- Abbreviation: HBPD

Jurisdictional structure
- Legal jurisdiction: Hallandale Beach, Broward County, Florida, U.S.
- General nature: Local civilian police;

Operational structure
- Headquarters: 400 S. Federal Highway Hallandale Beach, Florida, U.S.
- Agency executive: Michel Michel, Chief of Police;

Facilities
- Stations: 1

Website
- http://www.hallandalebeachfl.gov/index.aspx?NID=17

= Hallandale Beach Police Department =

Law enforcement agency in Florida, US

The Hallandale Beach Police Department is the law enforcement agency of Hallandale Beach, Florida. Its headquarters is located in a municipal building at 400 South Federal Highway, Hallandale Beach, FL 33009. In 2022, the chief of police is Michel Michel.

On June 9, 2020, the entire SWAT team resigned en masse from the team (though not from the Police Department), citing "today's political climate" and "several recent local events". They also stated that "the team is minimally equipped, undertrained and often times restrained by the politicization of our tactics to the extent of placing the safety of dogs over the safety of team members." They criticized the city's government, and especially Hallandale Beach Vice Mayor Sabrina Javellana, for making "ignorant and inaccurate statements attacking the lawful actions of the city's officers and SWAT team, both from the dais and her social media accounts." Among their grievances is that the Police Chief "took a knee" in solidarity with the George Floyd Protestors.

Radley Balko, author of The Rise of the Warrior Cop, cited Hallandale Beach in the book as an example of why small cities do not need SWAT teams. He also notes that "at times, the annual number of people killed by its police department has nearly equaled the number of murders in the city. (Nationally, the ratio over the past few years has been about 15 murders for every killing by police.)"

==Howard Bowe incident==
The "lawful actions" the officers refer to deal with the killing of Howard Bowe. A SWAT team of 15 officers showed up at his home on May 8, 2014, to serve a search warrant as part of a narcotics investigation. They shot and killed his chained pit bull, broke down the door, deployed a stun grenade, and fired a single shot into the unarmed man's chest as he stood in his kitchen in his underwear. The man died in hospital 11 days later. A grand jury did not indict the shooter, and the Police Department's Internal Affairs cleared the officers as well. However, the city had to pay $425,000 to settle a civil lawsuit filed by Bowe's heirs.

Javellana and other demonstrators called for the State Attorney to reopen the case. According to her, "We have our own George Floyds and Breonna Taylors". She "explained what she said was in reference to the police department's history of SWAT raids from 2016–2014 in northwest Hallandale Beach, which she said is historically black."

According to Mayor Joy Cooper, since Bowe's death, the Police Department has been reformed, revising policies on use of force, instituting body cameras, de-escalation training, and diversity training. Also, the Police Department has again become accredited.
In January 2018, Cooper was arrested on multiple felony charges and suspended from office by Governor Rick Scott.

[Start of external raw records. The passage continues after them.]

lemma card_nat_interval_le:
  fixes S :: "nat set"
  assumes "\<And>k. k \<in> S \<Longrightarrow> u \<le> real k \<and> real k \<le> u + v" and "0 \<le> v"
  shows "real (card S) \<le> v + 1"
proof -
  have "int ` S \<subseteq> {\<lceil>u\<rceil>..\<lfloor>u + v\<rfloor>}"
    using assms(1) by (auto simp: ceiling_le_iff le_floor_iff)
  then have "card (int ` S) \<le> nat (\<lfloor>u + v\<rfloor> - \<lceil>u\<rceil> + 1)"
    using card_mono[of "{\<lceil>u\<rceil>..\<lfloor>u + v\<rfloor>}"] by simp
  moreover have "card (int ` S) = card S"
    by (rule card_image) simp
  ultimately show ?thesis
    using assms(2) by linarith
qed

lemma card_grid_support_bsp_le:
  "real (card {j\<in>{1..<N}. bsp J p r m (real (Suc j) / real N) \<noteq> 0})
     \<le> real N * real r / (real J + 1) + 1"
proof (cases "N = 0")
  case False
  then have N: "real N > 0" by simp
  show ?thesis
  proof (rule card_nat_interval_le[where u = "real N * knot J p m - 1"])
    fix j assume "j \<in> {j\<in>{1..<N}. bsp J p r m (real (Suc j) / real N) \<noteq> 0}"
    then have "knot J p m \<le> real (Suc j) / real N" "real (Suc j) / real N \<le> knot J p m + real r / (real J + 1)"
      using bsp_nonzero_imp_between_knots[of J p r m] knot_add_le[of J p m r] by force+
    then show "real N * knot J p m - 1 \<le> real j \<and> real j \<le> real N * knot J p m - 1 + real N * real r / (real J + 1)"
      using N by (simp add: field_simps)
  qed simp
qed simp
lemma weakly_branch_normal_centraliser_trivial:
  assumes m: "\<And>i. 0 < m i" and wb: "weakly_branch m G"
    and N: "N \<lhd> (AutT m)\<lparr>carrier := G\<rparr>" "N \<noteq> {id}"
    and g: "g \<in> G" "\<forall>n\<in>N. g \<circ> n = n \<circ> g"
  shows "g = id"
proof (rule ccontr)
  assume "g \<noteq> id"
  have G: "subgroup G (AutT m)" using wb by (rule weakly_branch_subgroup)
  have N_G: "N \<subseteq> G" using normal_imp_subgroup[OF N(1)] subgroup.subset by fastforce
  obtain d1 where d1: "\<forall>L\<ge>d1. \<exists>y\<in>tlevel m L. g y \<noteq> y"
    using tree_aut_moves_vertices_at_deep_levels[OF m subgroup_AutT_tree_aut[OF G g(1)] \<open>g \<noteq> id\<close>]
    by blast
  obtain d2 where d2: "\<forall>L\<ge>d2. \<forall>y\<in>tlevel m L. \<exists>n\<in>N. n y \<noteq> y"
    using normal_subgroup_moves_deep_vertices[OF m wb N] by blast
  obtain y where y: "y \<in> tlevel m (max 1 (max d1 d2))" "g y \<noteq> y"
    using d1[rule_format, of "max 1 (max d1 d2)"] by (auto simp: le_max_iff_disj)
  obtain n where n: "n \<in> N" "n y \<noteq> y"
    using d2[rule_format, OF _ y(1)] by (auto simp: le_max_iff_disj)
  have n_aut: "is_tree_aut m n" using n(1) N_G subgroup_AutT_tree_aut[OF G] by blast
  have y_vert: "y \<in> tverts m" "1 \<le> length y" using y(1) by (auto simp: tlevel_def)
  obtain h where h: "h \<in> rist m G y" "h \<noteq> id"
    using weakly_branch_rist_nontrivial[OF wb y_vert] by blast
  have "h \<in> G" using h(1) by (simp add: rist_def)
  then have h_aut: "is_tree_aut m h" using subgroup_AutT_tree_aut[OF G] by blast
  obtain z where hz: "h z \<noteq> z" using h(2) by (auto simp: fun_eq_iff)
  have z: "z \<in> tverts m" "prefix y z" using hz h(1) tree_aut_outside[OF h_aut] by (auto simp: rist_def)
  have "1 \<le> length z" using prefix_length_le[OF z(2)] y_vert(2) by simp
  have "g z \<noteq> z" "n z \<noteq> z"
    using tree_aut_moves_descendants z subgroup_AutT_tree_aut[OF G g(1)] y(2) n_aut n(2) by blast+
  then have nz: "n z = g z"
    using centralising_agrees_on_moved_vertex[OF wb N(1) g n(1) z(1) \<open>1 \<le> length z\<close>] by blast
  \<comment> \<open>The conjugate h n h\<inverse> also moves z, so it too must send z to g z = n z; but it sends
      z to n (h\<inverse> z), and h\<inverse> z \<noteq> z.\<close>
  let ?z' = "(inv\<^bsub>AutT m\<^esub> h) z"
  have z': "?z' \<in> tverts m" "h ?z' = z"
    using tree_aut_closed[OF tree_aut_inv(1)[OF h_aut] z(1)] tree_aut_inv(3)[OF h_aut] by auto
  have "prefix y ?z'" using z' hz h(1) by (auto simp: rist_def)
  then have out: "\<not> prefix y (n ?z')" using tree_aut_image_not_prefix[OF n_aut _ z'(1)] n(2) by blast
  let ?k = "h \<circ> n \<circ> inv\<^bsub>AutT m\<^esub> h"
  have "?k z = n ?z'" using h(1) tree_aut_closed[OF n_aut z'(1)] out by (simp add: rist_def)
  moreover have "?k z = g z"
    using centralising_agrees_on_moved_vertex[OF wb N(1) g normal_AutT_conj[OF G N(1) \<open>h \<in> G\<close> n(1)]
        z(1) \<open>1 \<le> length z\<close> \<open>g z \<noteq> z\<close>] \<open>?k z = n ?z'\<close> out z(2) by fastforce
  ultimately have "n ?z' = n z" using nz by simp
  then show False using tree_aut_inj[OF n_aut] z' hz by (auto simp: inj_eq)
qed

==Eduardo Prieto, Jr., incident==
In December 2016, a grand jury did not indict three officers for the 2012 shooting of Eduardo Prieto Jr.

==Michael Eugene Wilson==
In May 2016, Michael Eugene Wilson was shot and killed by a police officer.

==Daniel Dunkelberger==
In 2018, two officers were placed on administrative leave after a bystander recorded them beating a mentally challenged man, Daniel Dunkelmeyer, with batons.